Even in the case where the arrays U and U2 are empty and the parallel region is completely empty as well.
And if I deactivate the parallel region or delete the array definition it goes as fast as usual. If I calculate the array definition and the empty parallel region inside of two different loops it also goes fast.

So maybe there seems to be some sort of memory problem or false sharing or something? I could not find any answers what is happening here which is why I was hoping some of you could help me out, it would be much appreciated. Thanks!

---------------------

program Test_Parallel2

USE omp_lib

IMPLICIT NONE

INTEGER, parameter :: jmax=128, lmax=128, Nbr_S=1, Nbr_SSS=50

REAL (KIND(0.0)), DIMENSION(100) :: Simulation_Time

REAL (KIND(0.0)), DIMENSION(Nbr_SSS,2,jmax,lmax) :: U

INTEGER :: Time1, Time2, rate

INTEGER :: iMaxThreads, kmax, k

REAL (KIND(0.0)) :: total_time

REAL (KIND(0.0)), DIMENSION(Nbr_SSS,2,jmax,lmax) :: U2

REAL (KIND(0.0)), DIMENSION(Nbr_SSS,2,jmax,lmax) :: Var1

!Intital Definitions

kmax = 50

Simulation_Time = 0.

U = 0.

U2=0.

!$ iMaxThreads = OMP_GET_MAX_THREADS()

!$ iMaxThreads = 50 !I override the number of active threads here for test purposes

!$ call OMP_SET_NUM_THREADS(iMaxThreads-1)

!$ Print *, "OpenMP active", iMaxThreads

CALL system_clock(count_rate=rate)

CALL SYSTEM_CLOCK(Time1)

DO k=1, kmax, 1

U2(:,:,:,:) = U(:,:,:,:)

!$OMP PARALLEL

!$OMP END PARALLEL

END DO

CALL SYSTEM_CLOCK(Time2)

total_time = real(Time2-Time1)/real(rate)

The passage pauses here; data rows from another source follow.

lemma character_tl_id: "character (tl lam) id = int syt"
proof -
  define l' where "l' = length (tl lam)"
  define beta' where "beta' i = int (tl lam ! i) + staircase l' i" for i
  obtain a xs where lam: "lam = a # xs"
    using nonempty by (cases lam) auto
  have shift: "beta' i = beta (Suc i)" "staircase l' i = staircase l (Suc i)" for i
    unfolding beta_def beta'_def l'_def staircase_def by (simp_all add: lam)
  have rows: "Suc ` {..<l'} = rows"
    by (auto simp: lam l'_def lessThan_Suc_eq_insert_0)
  interpret row_permutations "{..<l'}" "{\<sigma>. \<sigma> permutes {..<l'}}" "{..<l'}"
    by (rule row_permutations_permutes) simp
  have "strict_antimono_on {..<l'} beta'"
    using strict_antimono_beta by (auto simp: monotone_on_def shift l'_def)
  then have "alternant l' {..<l'} {\<sigma>. \<sigma> permutes {..<l'}} beta' (cycles_of \<Delta> id)
      = int (lower_paths (beta' ` {..<l'}) (staircase l' ` {..<l'}) (card (cycles_of \<Delta> id)))"
    by (intro alternant_eq_lower_paths) (auto simp: cycles_of_id)
  moreover have "card (cycles_of \<Delta> id) = \<Delta>"
    unfolding cycles_of_id by (simp add: card_image)
  moreover have "beta' ` {..<l'} = beta ` rows" "staircase l' ` {..<l'} = staircase l ` rows"
    unfolding rows[symmetric] image_image shift by simp_all
  ultimately show ?thesis
    unfolding character_def Let_def frob_count_eq_load_count alternant_def beta'_def staircase_def l'_def
    by simp
qed

text \<open>Row \<open>0\<close> receives the cycles outside \<open>U\<close>, and its load \<open>\<lambda>\<^sub>1 + \<sigma>(0)\<close> forces \<open>\<sigma>(0) = \<Delta> - \<parallel>U\<parallel>\<close>.\<close>
lemma first_row_load_iff:
  assumes "U \<subseteq> Cs"
  shows "int (sum card (Cs - U)) = beta 0 - staircase l k \<longleftrightarrow> sum card U \<le> \<Delta> \<and> k = \<Delta> - sum card U"
proof -
  have "sum card (Cs - U) + sum card U = lam ! 0 + \<Delta>"
    using assms finite_cycles sum_card_cycles_of[OF perm] n_eq by (metis sum.subset_diff)
  moreover have "beta 0 - staircase l k = int (lam ! 0) + int k"
    by (simp add: beta_def staircase_def)
  ultimately show ?thesis
    by arith
qed

lemma character_eq_sum_alternant:
  "character lam \<pi> = (\<Sum>U\<in>{U\<in>Pow Cs. sum card U \<le> \<Delta>}.
     alternant l rows {\<sigma>. \<sigma> permutes {..<l} \<and> \<sigma> 0 = \<Delta> - sum card U} beta U)"
proof -
  let ?Perm = "{\<sigma>. \<sigma> permutes {..<l}}"
  let ?load = "\<lambda>\<sigma> U. load_count U rows (\<lambda>i. beta i - staircase l (\<sigma> i))"
  have "sum_list lam = n"
    using partition unfolding is_partition_def by simp
  then have "character lam \<pi> = (\<Sum>\<sigma>\<in>?Perm. sign \<sigma> * int (load_count Cs {..<l} (\<lambda>i. beta i - staircase l (\<sigma> i))))"
    unfolding character_def Let_def frob_count_eq_load_count beta_def staircase_def by simp
  also have "\<dots> = (\<Sum>\<sigma>\<in>?Perm. sign \<sigma> * int (\<Sum>U\<in>Pow Cs.
      if int (sum card (Cs - U)) = beta 0 - staircase l (\<sigma> 0) then ?load \<sigma> U else 0))"
    using finite_cycles length_pos by (subst load_count_split_row) auto
  also have "\<dots> = (\<Sum>\<sigma>\<in>?Perm. \<Sum>U\<in>Pow Cs. if sum card U \<le> \<Delta> \<and> \<sigma> 0 = \<Delta> - sum card U
      then sign \<sigma> * int (?load \<sigma> U) else 0)"
    unfolding of_nat_sum[where A = "Pow Cs"] sum_distrib_left
    by (intro sum.cong refl) (simp del: of_nat_sum add: first_row_load_iff)
  also have "\<dots> = (\<Sum>U\<in>Pow Cs. \<Sum>\<sigma>\<in>?Perm. if sum card U \<le> \<Delta> \<and> \<sigma> 0 = \<Delta> - sum card U
      then sign \<sigma> * int (?load \<sigma> U) else 0)"
    by (rule sum.swap)
  also have "\<dots> = (\<Sum>U\<in>Pow Cs. if sum card U \<le> \<Delta>
      then alternant l rows {\<sigma>. \<sigma> permutes {..<l} \<and> \<sigma> 0 = \<Delta> - sum card U} beta U else 0)"
  proof (rule sum.cong[OF refl])
    fix U :: "nat set set"
    have "{\<sigma>\<in>?Perm. \<sigma> 0 = \<Delta> - sum card U} = {\<sigma>. \<sigma> permutes {..<l} \<and> \<sigma> 0 = \<Delta> - sum card U}"
      by auto
    then show "(\<Sum>\<sigma>\<in>?Perm. if sum card U \<le> \<Delta> \<and> \<sigma> 0 = \<Delta> - sum card U then sign \<sigma> * int (?load \<sigma> U) else 0)
        = (if sum card U \<le> \<Delta> then alternant l rows {\<sigma>. \<sigma> permutes {..<l} \<and> \<sigma> 0 = \<Delta> - sum card U} beta U else 0)"
      unfolding alternant_def
      by (cases "sum card U \<le> \<Delta>")
        (simp_all add: sum.inter_filter[OF finite_permutations[OF finite_lessThan], symmetric])
  qed
  also have "\<dots> = (\<Sum>U\<in>{U\<in>Pow Cs. sum card U \<le> \<Delta>}.
      alternant l rows {\<sigma>. \<sigma> permutes {..<l} \<and> \<sigma> 0 = \<Delta> - sum card U} beta U)"
    by (rule sum.inter_filter[symmetric]) (simp add: finite_cycles)
  finally show ?thesis .
qed

lemma alternant_fixed_points:
  assumes "U \<subseteq> {c\<in>Cs. card c = 1}" "card U = \<Delta>"
  shows "alternant l rows {\<sigma>. \<sigma> permutes {..<l} \<and> \<sigma> 0 = \<Delta> - sum card U} beta U = int syt"
proof -
  interpret row_permutations rows "{\<sigma>. \<sigma> permutes {..<l} \<and> \<sigma> 0 = 0}" rows
    using length_pos by (intro row_permutations_mapping) auto
  have "finite U"
    using assms(1) finite_cycles by (auto intro: finite_subset)
  moreover have "strict_antimono_on rows beta"
    using strict_antimono_beta by (auto simp: monotone_on_def)
  ultimately have "alternant l rows {\<sigma>. \<sigma> permutes {..<l} \<and> \<sigma> 0 = 0} beta U
      = int (lower_paths (beta ` rows) (staircase l ` rows) (card U))"
    using assms(1) by (intro alternant_eq_lower_paths) auto
  moreover have "sum card U = (\<Sum>c\<in>U. 1)"
    using assms(1) by (intro sum.cong) auto
  ultimately show ?thesis
    using assms(2) by simp
qed

lemma abs_alternant_le_syt:
  assumes "U \<subseteq> Cs" "sum card U \<le> \<Delta>"
  shows "\<bar>alternant l rows {\<sigma>. \<sigma> permutes {..<l} \<and> \<sigma> 0 = \<Delta> - sum card U} beta U\<bar> \<le> int syt"
proof (cases "\<Delta> - sum card U < l")
  case True
  define k where "k = \<Delta> - sum card U"
  interpret row_permutations rows "{\<sigma>. \<sigma> permutes {..<l} \<and> \<sigma> 0 = k}" "{..<l} - {k}"
    using True length_pos by (intro row_permutations_mapping) (auto simp: k_def)
  have "finite U" "\<forall>c\<in>U. card c \<ge> 1"
    using assms(1) finite_cycles cycle_card_ge_1 by (auto intro: finite_subset)
  then have "\<bar>alternant l rows {\<sigma>. \<sigma> permutes {..<l} \<and> \<sigma> 0 = k} beta U\<bar>
      \<le> int (lower_paths (beta ` rows) (staircase l ` ({..<l} - {k})) (sum card U))"
    using abs_alternant_le[of U l beta] by (auto split: if_splits)
  also have "\<dots> \<le> int (lower_paths (beta ` rows) (staircase l ` rows) (sum card U + k))"
    using lower_paths_le_concat lower_paths_staircase_hole True by (simp add: k_def)
  also have "sum card U + k = \<Delta>"
    using assms(2) by (simp add: k_def)
  finally show ?thesis
    by (simp add: k_def)
next
  case False
  have "\<sigma> 0 < l" if "\<sigma> permutes {..<l}" for \<sigma>
    using permutes_in_image[OF that, of 0] length_pos by simp
  then have no_perms: "{\<sigma>. \<sigma> permutes {..<l} \<and> \<sigma> 0 = \<Delta> - sum card U} = {}"
    using False by fastforce
  show ?thesis
    unfolding alternant_def no_perms by simp
qed

theorem character_approx:
  "\<bar>character lam \<pi> - character (tl lam) id * int (cyc_count n \<pi> 1 choose \<Delta>)\<bar>
    \<le> character (tl lam) id * int (\<Sum>j=1..\<Delta>. (\<Sum>i=1..j+1. cyc_count n \<pi> i) choose (\<Delta> - j))"
proof -
  define summand where "summand U = alternant l rows {\<sigma>. \<sigma> permutes {..<l} \<and> \<sigma> 0 = \<Delta> - sum card U} beta U"
    for U :: "nat set set"
  define Main where "Main = {U. U \<subseteq> {c\<in>Cs. card c = 1} \<and> card U = \<Delta>}"
  define Rest where "Rest = {U \<in> Pow Cs. sum card U \<le> \<Delta> \<and> card U < \<Delta>}"
  have "{U\<in>Pow Cs. sum card U \<le> \<Delta>} = Main \<union> Rest"
    unfolding Main_def Rest_def by (rule light_subfamilies_split[OF finite_cycles cycle_card_ge_1])
  moreover have "Main \<inter> Rest = {}" "finite Main" "finite Rest"
    using finite_cycles by (auto simp: Main_def Rest_def intro: finite_subset)
  ultimately have "character lam \<pi> = sum summand Main + sum summand Rest"
    unfolding character_eq_sum_alternant summand_def by (simp add: sum.union_disjoint)
  moreover have "sum summand Main = int (cyc_count n \<pi> 1 choose \<Delta>) * int syt"
  proof -
    have "sum summand Main = (\<Sum>U\<in>Main. int syt)"
      using alternant_fixed_points by (auto simp: summand_def Main_def)
    moreover have "card Main = cyc_count n \<pi> 1 choose \<Delta>"
      using finite_cycles by (simp add: Main_def cyc_count_def n_subsets)
    ultimately show ?thesis
      by simp
  qed
  moreover have "\<bar>sum summand Rest\<bar> \<le> int (\<Sum>j=1..\<Delta>. (\<Sum>i=1..j+1. cyc_count n \<pi> i) choose (\<Delta> - j)) * int syt"
  proof -
    have "\<bar>sum summand Rest\<bar> \<le> (\<Sum>U\<in>Rest. int syt)"
      using abs_alternant_le_syt by (intro order.trans[OF sum_abs sum_mono]) (auto simp: summand_def Rest_def)
    also have "\<dots> = int (card Rest) * int syt"
      by simp
    also have "card Rest \<le> (\<Sum>j=1..\<Delta>. (\<Sum>i=1..j+1. cyc_count n \<pi> i) choose (\<Delta> - j))"
      using card_light_subfamilies_le[OF finite_cycles cycle_card_ge_1] card_short_cycles[OF perm]
      by (simp add: Rest_def)
    finally show ?thesis
      by (simp add: mult_right_mono)
  qed
  ultimately show ?thesis
    using character_tl_id by (simp add: mult.commute)
qed

end

theorem lemma2p2:
  shows "\<exists>C::real. C > 0 \<and>
    (\<forall>n lam \<pi>. is_partition lam n \<longrightarrow> lam \<noteq> [] \<longrightarrow> \<pi> permutes {..<n} \<longrightarrow>
      (let \<mu> = tl lam; \<Delta> = sum_list \<mu>; c = cyc_count n \<pi>;
           d = real_of_int (character \<mu> id) in
       \<bar>real_of_int (character lam \<pi>) - d * real (c 1 choose \<Delta>)\<bar>
         \<le> C * d * (\<Sum>j=1..\<Delta>. real ((\<Sum>i=1..j+1. c i) choose (\<Delta> - j)))))"
proof (intro exI[of _ 1] conjI allI impI)
  fix n lam \<pi>
  assume "is_partition lam n" "lam \<noteq> []" "\<pi> permutes {..<n}"
  then interpret first_row lam n \<pi>
    by unfold_locales
  show "let \<mu> = tl lam; \<Delta> = sum_list \<mu>; c = cyc_count n \<pi>; d = real_of_int (character \<mu> id) in
      \<bar>real_of_int (character lam \<pi>) - d * real (c 1 choose \<Delta>)\<bar>
        \<le> 1 * d * (\<Sum>j=1..\<Delta>. real ((\<Sum>i=1..j+1. c i) choose (\<Delta> - j)))"
    using character_approx[THEN of_int_le_iff[THEN iffD2]] by (simp add: Let_def)
qed simp

end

write(*,*) 'Time taken (s):', total_time

PAUSE 10

end program Test_Parallel2

---------------------

Marius13 · ‎05-09-2023

Maybe some information on the compiler properties that I am using:

/nologo /MP /O1 /assume:buffered_io /heap-arrays0 /Qopenmp /fp:strict /module:"x64\Release\\" /object:"x64\Release\\" /Fd"x64\Release\vc170.pdb" /libs:static /threads /Qmkl:sequential /c

Also, in the Linker->System configuration I set the Stack Reserve Size pretty high at around 500000000 - otherwise I get an overflow error.

jimdempseyatthecove · ‎05-10-2023

Running through an empty (or do nothing) parallel region (that is not removed/elided by compiler optimizations will incur the overhead of starting or resuming the thread team of that parallel region. More threads, more overhead. It is only when the parallel region has sufficient parallizable code to surpass the overhead that parallelization becomes effective.

Note, your parallel region (of your actual project) may contain serialized (critical) sections, which will intercede with parallization for that section of code. Some system functions have critical sections. Examples: random number generators, memory allocation/deallocation. Also note that should "Reallocation of lefthand side" result in reallocation (memory deallocation and allocation) that those statements will serialize.

Without seeing your real code, I will make an assumption:

    REAL (KIND(0.0)), DIMENSION(Nbr_SSS,2,jmax,lmax) :: U2
    REAL (KIND(0.0)), DIMENSION(Nbr_SSS,2,jmax,lmax) :: Var1

that your intention is to have each thread work on an individual Nbr_SSS section of the arrays.

Please note that, as you have dimensioned the arrays, this will be very inefficient with cache line usage.

Rework your code to use:

    REAL (KIND(0.0)), DIMENSION(2,jmax,lmax, Nbr_SSS) :: U2
    REAL (KIND(0.0)), DIMENSION(2,jmax,lmax, Nbr_SSS) :: Var1

or possibly:

    REAL (KIND(0.0)), DIMENSION(jmax,lmax, 2, Nbr_SSS) :: U2
    REAL (KIND(0.0)), DIMENSION(jmax,lmax, 2, Nbr_SSS) :: Var1

Be aware the interations on jmax are on adjacent locations in memory.

The Fortran dimension order for adjacent memory locations is inverse that of C/C++.

Jim Dempsey